[Stored data]

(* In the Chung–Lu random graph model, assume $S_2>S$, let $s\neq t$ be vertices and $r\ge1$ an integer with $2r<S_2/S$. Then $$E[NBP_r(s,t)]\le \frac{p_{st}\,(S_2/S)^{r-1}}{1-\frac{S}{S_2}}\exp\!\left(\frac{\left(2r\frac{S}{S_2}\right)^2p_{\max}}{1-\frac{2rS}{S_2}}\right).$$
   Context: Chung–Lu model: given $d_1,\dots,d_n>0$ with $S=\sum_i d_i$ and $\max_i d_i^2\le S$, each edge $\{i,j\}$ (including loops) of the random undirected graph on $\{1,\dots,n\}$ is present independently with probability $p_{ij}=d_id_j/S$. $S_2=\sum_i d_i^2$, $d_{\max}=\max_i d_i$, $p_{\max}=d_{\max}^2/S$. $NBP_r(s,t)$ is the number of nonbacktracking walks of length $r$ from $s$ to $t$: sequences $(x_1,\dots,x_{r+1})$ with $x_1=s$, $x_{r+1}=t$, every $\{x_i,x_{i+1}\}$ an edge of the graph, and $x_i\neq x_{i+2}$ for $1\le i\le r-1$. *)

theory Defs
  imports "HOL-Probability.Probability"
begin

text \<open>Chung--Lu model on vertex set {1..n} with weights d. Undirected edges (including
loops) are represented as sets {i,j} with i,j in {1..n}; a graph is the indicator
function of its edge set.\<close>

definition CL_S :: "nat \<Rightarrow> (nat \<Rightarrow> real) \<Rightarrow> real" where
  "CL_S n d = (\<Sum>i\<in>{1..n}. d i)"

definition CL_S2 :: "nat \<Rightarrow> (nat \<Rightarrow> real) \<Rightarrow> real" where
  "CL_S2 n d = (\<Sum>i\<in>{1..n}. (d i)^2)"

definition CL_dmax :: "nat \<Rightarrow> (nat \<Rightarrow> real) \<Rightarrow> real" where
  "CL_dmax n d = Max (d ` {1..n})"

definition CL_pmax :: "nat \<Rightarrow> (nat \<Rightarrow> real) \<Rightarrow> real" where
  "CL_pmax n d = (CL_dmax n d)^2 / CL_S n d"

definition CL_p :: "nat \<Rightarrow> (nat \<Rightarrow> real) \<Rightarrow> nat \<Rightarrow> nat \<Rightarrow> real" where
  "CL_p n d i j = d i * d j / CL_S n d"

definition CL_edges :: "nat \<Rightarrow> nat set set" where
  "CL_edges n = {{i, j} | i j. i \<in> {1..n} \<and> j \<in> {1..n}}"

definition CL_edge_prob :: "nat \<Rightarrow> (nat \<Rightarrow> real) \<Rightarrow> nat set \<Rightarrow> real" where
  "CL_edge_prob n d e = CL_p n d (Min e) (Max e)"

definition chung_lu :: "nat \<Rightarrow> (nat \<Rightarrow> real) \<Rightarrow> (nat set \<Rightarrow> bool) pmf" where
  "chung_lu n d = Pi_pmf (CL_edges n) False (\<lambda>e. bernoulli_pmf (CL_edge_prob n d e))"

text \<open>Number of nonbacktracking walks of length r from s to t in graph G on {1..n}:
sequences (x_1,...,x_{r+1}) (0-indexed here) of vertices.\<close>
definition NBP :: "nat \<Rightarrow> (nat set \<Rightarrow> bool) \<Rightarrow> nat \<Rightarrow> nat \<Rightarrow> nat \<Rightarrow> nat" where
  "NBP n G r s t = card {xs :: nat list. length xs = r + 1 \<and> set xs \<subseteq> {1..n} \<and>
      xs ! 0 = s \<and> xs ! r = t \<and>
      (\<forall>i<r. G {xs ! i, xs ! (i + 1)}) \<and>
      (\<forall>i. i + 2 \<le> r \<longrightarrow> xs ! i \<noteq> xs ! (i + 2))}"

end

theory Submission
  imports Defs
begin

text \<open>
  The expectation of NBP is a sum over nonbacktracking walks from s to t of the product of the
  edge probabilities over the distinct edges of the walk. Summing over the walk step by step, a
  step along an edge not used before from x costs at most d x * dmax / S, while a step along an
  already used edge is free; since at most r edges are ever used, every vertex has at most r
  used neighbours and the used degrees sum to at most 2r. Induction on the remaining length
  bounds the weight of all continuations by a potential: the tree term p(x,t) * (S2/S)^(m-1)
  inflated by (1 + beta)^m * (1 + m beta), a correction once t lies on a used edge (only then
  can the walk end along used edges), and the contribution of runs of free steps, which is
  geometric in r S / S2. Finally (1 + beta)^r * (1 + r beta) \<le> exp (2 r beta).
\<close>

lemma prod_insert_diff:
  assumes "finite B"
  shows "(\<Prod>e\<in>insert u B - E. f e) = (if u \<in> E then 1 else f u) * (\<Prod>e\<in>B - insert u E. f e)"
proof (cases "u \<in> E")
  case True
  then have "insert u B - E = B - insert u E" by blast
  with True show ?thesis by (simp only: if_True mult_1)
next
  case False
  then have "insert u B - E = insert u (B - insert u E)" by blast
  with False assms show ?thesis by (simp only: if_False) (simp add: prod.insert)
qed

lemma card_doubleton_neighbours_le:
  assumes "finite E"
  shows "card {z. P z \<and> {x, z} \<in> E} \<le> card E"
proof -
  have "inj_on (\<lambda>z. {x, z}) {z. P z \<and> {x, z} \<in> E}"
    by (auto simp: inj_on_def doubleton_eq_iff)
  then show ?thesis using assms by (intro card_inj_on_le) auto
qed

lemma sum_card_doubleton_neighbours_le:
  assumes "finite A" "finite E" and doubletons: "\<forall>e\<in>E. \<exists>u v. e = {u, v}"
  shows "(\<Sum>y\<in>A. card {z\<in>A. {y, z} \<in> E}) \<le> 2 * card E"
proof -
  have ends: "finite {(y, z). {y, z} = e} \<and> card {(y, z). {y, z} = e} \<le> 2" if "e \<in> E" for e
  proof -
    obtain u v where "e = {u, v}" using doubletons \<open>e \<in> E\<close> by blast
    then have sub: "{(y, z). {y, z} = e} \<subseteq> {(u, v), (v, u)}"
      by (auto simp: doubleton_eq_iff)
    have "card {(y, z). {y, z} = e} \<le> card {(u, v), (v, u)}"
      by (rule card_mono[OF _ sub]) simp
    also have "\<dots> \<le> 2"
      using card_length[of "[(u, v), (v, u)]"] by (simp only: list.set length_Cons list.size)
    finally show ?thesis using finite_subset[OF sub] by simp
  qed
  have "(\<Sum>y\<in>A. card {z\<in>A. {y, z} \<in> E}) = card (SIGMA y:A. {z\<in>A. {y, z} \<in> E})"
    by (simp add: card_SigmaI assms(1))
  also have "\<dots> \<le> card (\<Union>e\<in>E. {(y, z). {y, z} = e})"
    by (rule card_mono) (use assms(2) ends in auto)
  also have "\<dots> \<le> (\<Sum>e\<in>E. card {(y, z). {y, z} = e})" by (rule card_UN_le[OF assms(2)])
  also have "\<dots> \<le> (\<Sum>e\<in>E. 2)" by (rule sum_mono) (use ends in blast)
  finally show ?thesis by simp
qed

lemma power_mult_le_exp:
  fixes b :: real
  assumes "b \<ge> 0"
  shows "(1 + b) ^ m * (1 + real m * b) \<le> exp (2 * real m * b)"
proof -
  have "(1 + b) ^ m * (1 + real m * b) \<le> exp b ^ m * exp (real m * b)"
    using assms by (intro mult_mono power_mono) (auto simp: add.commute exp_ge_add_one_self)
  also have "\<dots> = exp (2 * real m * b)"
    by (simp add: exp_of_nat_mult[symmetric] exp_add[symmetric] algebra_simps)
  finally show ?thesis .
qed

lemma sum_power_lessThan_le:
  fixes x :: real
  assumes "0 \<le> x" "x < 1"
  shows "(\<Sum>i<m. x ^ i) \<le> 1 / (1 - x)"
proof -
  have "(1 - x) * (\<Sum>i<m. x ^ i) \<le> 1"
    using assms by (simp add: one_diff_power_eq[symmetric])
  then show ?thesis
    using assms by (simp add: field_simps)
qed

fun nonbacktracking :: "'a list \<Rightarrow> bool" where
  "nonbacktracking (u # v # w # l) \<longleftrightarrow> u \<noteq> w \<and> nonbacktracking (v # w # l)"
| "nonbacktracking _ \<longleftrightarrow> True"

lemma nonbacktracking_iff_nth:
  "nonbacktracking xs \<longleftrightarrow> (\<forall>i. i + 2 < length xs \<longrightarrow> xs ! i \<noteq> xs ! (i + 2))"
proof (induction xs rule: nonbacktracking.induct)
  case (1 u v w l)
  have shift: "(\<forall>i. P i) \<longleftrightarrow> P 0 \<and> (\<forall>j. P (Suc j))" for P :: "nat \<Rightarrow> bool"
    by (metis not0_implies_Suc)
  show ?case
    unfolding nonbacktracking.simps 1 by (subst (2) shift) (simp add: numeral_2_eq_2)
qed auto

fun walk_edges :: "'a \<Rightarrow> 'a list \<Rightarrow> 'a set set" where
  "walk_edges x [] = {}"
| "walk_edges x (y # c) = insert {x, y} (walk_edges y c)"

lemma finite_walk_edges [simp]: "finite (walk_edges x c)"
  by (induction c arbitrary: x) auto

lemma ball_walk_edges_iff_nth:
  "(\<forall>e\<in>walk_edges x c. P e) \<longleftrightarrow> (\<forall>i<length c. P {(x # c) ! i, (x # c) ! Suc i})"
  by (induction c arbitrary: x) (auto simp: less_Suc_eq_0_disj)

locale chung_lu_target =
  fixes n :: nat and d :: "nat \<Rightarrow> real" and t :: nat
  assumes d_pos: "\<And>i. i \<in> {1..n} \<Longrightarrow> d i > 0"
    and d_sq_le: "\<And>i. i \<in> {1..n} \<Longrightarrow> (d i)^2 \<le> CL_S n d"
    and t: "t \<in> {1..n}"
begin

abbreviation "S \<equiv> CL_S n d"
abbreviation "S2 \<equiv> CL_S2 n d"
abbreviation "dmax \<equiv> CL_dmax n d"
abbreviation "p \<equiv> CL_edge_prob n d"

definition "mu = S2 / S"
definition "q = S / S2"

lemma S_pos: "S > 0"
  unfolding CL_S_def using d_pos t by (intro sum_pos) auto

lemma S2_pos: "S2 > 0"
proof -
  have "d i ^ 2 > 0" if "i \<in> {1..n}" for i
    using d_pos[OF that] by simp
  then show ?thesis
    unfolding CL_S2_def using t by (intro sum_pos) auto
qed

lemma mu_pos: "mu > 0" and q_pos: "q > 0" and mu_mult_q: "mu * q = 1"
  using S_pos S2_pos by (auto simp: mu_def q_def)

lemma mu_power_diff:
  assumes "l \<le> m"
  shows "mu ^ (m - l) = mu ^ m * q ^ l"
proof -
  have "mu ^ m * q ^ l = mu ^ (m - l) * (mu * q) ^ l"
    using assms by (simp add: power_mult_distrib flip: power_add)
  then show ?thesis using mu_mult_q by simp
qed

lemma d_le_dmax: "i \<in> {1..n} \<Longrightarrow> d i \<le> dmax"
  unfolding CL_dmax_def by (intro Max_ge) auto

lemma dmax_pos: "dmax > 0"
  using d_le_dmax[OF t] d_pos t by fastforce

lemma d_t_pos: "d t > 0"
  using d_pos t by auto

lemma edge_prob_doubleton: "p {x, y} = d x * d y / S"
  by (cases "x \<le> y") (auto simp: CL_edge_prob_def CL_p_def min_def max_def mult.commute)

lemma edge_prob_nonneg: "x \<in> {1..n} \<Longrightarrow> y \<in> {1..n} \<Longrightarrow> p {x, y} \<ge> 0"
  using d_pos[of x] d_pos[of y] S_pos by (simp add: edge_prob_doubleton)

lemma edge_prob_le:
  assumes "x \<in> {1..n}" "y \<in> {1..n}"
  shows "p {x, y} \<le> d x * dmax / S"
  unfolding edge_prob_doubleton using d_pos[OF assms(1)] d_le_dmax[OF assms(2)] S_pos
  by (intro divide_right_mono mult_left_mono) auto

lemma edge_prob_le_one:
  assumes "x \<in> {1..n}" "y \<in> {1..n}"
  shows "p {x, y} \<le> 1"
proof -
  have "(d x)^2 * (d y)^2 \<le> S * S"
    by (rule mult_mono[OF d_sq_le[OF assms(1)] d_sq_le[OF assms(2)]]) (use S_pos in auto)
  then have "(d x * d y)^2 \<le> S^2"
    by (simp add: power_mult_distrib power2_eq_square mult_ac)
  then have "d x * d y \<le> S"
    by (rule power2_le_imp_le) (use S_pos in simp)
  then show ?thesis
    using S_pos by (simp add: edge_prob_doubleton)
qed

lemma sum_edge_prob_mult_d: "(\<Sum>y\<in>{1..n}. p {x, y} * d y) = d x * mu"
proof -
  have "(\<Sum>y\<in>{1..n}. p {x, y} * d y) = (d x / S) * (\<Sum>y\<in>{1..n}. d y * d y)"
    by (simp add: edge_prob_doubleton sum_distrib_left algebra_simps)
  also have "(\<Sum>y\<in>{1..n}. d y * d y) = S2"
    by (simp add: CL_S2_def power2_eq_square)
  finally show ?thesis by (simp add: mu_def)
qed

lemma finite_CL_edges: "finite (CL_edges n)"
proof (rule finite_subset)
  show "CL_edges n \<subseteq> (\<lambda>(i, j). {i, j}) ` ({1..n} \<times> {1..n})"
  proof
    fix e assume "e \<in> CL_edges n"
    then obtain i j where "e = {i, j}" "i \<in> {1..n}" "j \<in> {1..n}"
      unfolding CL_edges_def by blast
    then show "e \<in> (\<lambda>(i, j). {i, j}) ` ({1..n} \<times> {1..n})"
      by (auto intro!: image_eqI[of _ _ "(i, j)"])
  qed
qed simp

Exercise objective —
Find the word "obtain" in the entries. Copy each line that holds it.

Reply —
    obtain u v where "e = {u, v}" using doubletons \<open>e \<in> E\<close> by blast
    then obtain i j where "e = {i, j}" "i \<in> {1..n}" "j \<in> {1..n}"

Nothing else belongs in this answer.